Аганбегян же Купюрович встает, говоря, что покурит в холле. Правильно — иди, покури. И, едва он отходит, я гневно приступаю:
— Ну, хороша ты, Семенова! И куда ты с ним собиралась после кабака, интересно знать мне?
— Что за чушь! Никуда. Я есть захотела.
— Ври больше! Так бы тебя этот деляга и отпустил, как же!
— Слушай, перестань. Случайный знакомый. Вот и все.
— Красавец! Папашка! — злобно говорю я.
— Он не старше тебя.
— Но глупей. Я умней его. Скажешь, нет?
— Умней, умней, успокойся.
— Я спешил, Малеевку бросил — такое прекрасное место! — хотел тебя поскорей увидеть, а ты развратничаешь!
— О, Господи! Ну, чего городишь? — кладет она свою руку на мою.
— Ты, Семенова, меня позоришь. Я все-таки известный здесь человек, ты это осознаешь?
— Заткнись, а то рассержусь!
— Хочу знать, сколько любовников у тебя было, пока меня не было! Сколько?
— Ни одного, зануда. Я без тебя скучала.
— А коньяк пьешь с армяшкой.
— Это ты с ним будешь пить, а не я.
— Да, буду! Отомщу ему. А тебя я должен, вообще-то, по правилам зарезать.
— Ну и режь, если дурак, — отвечает наглая Семенова.
— Дома у тебя, Семенова, все в порядке, — продолжаю я. — Сестрица твоя поступает в консерваторию, так я понял. Скромная девочка. Не то, что ты!

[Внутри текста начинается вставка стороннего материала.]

definition blocking_coalition ::
  "real \<Rightarrow> ('a \<Rightarrow> 'a \<Rightarrow> real) \<Rightarrow> 'a set \<Rightarrow> 'a set \<Rightarrow> nat \<Rightarrow> real
     \<Rightarrow> (nat \<Rightarrow> 'a set) \<Rightarrow> (nat \<Rightarrow> 'a) \<Rightarrow> 'a set \<Rightarrow> 'a \<Rightarrow> bool" where
  "blocking_coalition lam d N M k alpha C X S y \<longleftrightarrow>
     S \<subseteq> N \<and> real (card S) \<ge> real (card N) / real k \<and> y \<in> M \<and>
     (\<forall>i\<in>S. alpha * wsm_loss lam d S y i < clustering_loss lam d k C X i)"

lemma in_alpha_core_iff:
  "in_alpha_core lam d N M k alpha C X \<longleftrightarrow>
     is_clustering N M k C X \<and> \<not> (\<exists>S y. blocking_coalition lam d N M k alpha C X S y)"
  by (simp add: in_alpha_core_def blocking_coalition_def)

lemma is_clustering_unique_cluster:
  assumes "is_clustering N M k C X" "\<tau> < k" "\<sigma> < k" "i \<in> C \<tau>" "i \<in> C \<sigma>"
  shows "\<sigma> = \<tau>"
  using assms unfolding is_clustering_def by blast

lemma is_clustering_cluster_subset:
  assumes "is_clustering N M k C X" "\<tau> < k"
  shows "C \<tau> \<subseteq> N"
  using assms unfolding is_clustering_def by blast

lemma is_clustering_center_in:
  assumes "is_clustering N M k C X" "\<tau> < k"
  shows "X \<tau> \<in> M"
  using assms unfolding is_clustering_def by blast

lemma is_clustering_obtain_cluster:
  assumes "is_clustering N M k C X" "i \<in> N"
  obtains \<tau> where "\<tau> < k" "i \<in> C \<tau>"
  using assms unfolding is_clustering_def by blast

lemma clustering_loss_eq:
  assumes "is_clustering N M k C X" "\<tau> < k" "i \<in> C \<tau>"
  shows "clustering_loss lam d k C X i = wsm_loss lam d (C \<tau>) (X \<tau>) i"
proof -
  have "(THE \<sigma>. \<sigma> < k \<and> i \<in> C \<sigma>) = \<tau>"
    using assms is_clustering_unique_cluster[OF assms(1)] by (intro the_equality) auto
  then show ?thesis by (simp add: clustering_loss_def)
qed

lemma clustering_loss_ge:
  assumes "is_clustering N M k C X" "finite N" "0 \<le> lam"
    and "\<tau> < k" "i \<in> C \<tau>" "b \<in> C \<tau>"
  shows "lam * d i b + (1 - lam) * d i (X \<tau>) \<le> clustering_loss lam d k C X i"
proof -
  have "finite (C \<tau>)"
    using is_clustering_cluster_subset[OF assms(1,4)] assms(2) by (rule finite_subset)
  then have "d i b \<le> Max (d i ` C \<tau>)" using assms(6) by (intro Max_ge) auto
  then show ?thesis
    using clustering_loss_eq[OF assms(1,4,5)] assms(3)
    by (simp add: wsm_loss_def mult_left_mono)
qed

lemma wsm_loss_pair:
  assumes "d u u = 0" "0 \<le> d u v"
  shows "wsm_loss lam d {u, v} y u = lam * d u v + (1 - lam) * d u y"
  using assms by (simp add: wsm_loss_def max_def)

lemma pair_blocking_coalition:
  assumes "u \<in> N" "v \<in> N" "u \<noteq> v" "y \<in> M" "card N \<le> 2 * k"
    and "d u u = 0" "d v v = 0" "0 \<le> d u v" "d v u = d u v"
    and "alpha * (lam * d u v + (1 - lam) * d u y) < clustering_loss lam d k C X u"
    and "alpha * (lam * d u v + (1 - lam) * d v y) < clustering_loss lam d k C X v"
  shows "blocking_coalition lam d N M k alpha C X {u, v} y"
  unfolding blocking_coalition_def
proof (intro conjI ballI)
  show "{u, v} \<subseteq> N" "y \<in> M" using assms(1,2,4) by auto
  have "real (card N) / real k \<le> 2"
    using assms(5) by (cases "k = 0") (simp_all add: divide_le_eq)
  then show "real (card N) / real k \<le> real (card {u, v})" using assms(3) by simp
  fix i assume "i \<in> {u, v}"
  then consider "i = u" | "i = v" by blast
  then show "alpha * wsm_loss lam d {u, v} y i < clustering_loss lam d k C X i"
  proof cases
    case 1
    then show ?thesis using wsm_loss_pair[of d u v lam y] assms(6,8,10) by simp
  next
    case 2
    have "{u, v} = {v, u}" by blast
    then show ?thesis using 2 wsm_loss_pair[of d v u lam y] assms(7-9,11) by simp
  qed
qed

Лизочка прищуривается. То есть прищуривает свои зеленые, с искрой глаза. Спрашивает странным голосом:
— И долго вы с ней сидели в гостинице? «Правильней — лежали».
— Нет, недолго, — отвечаю. — А что?
— Ты, надеюсь, ее не соблазнял? — щурится Лизонька.
— Боже мой, за кого ты меня принимаешь! — негодую я, и она тотчас проницательно спрашивает, откуда, интересно, у меня появилось это идиотское «боже мой» да еще с еврейской модуляцией. Я затыкаюсь на миг, но тут же говорю:
— Ну, вот что! Здесь не рассиживаться, поняла? Армянина твоего я под конец застолья, когда расплатится, оскорблю, и сразу поедем ко мне. Я хочу тебя всю тщательно осмотреть, какая ты есть. Я помню, какая ты была! Если ты чуть-чуть другая…
— Тише! Идет! — говорит Лиза.
— Вот и хорошо. Поцелуй меня. Пусть видит.
— Обойдешься! — отвечает Лизонька.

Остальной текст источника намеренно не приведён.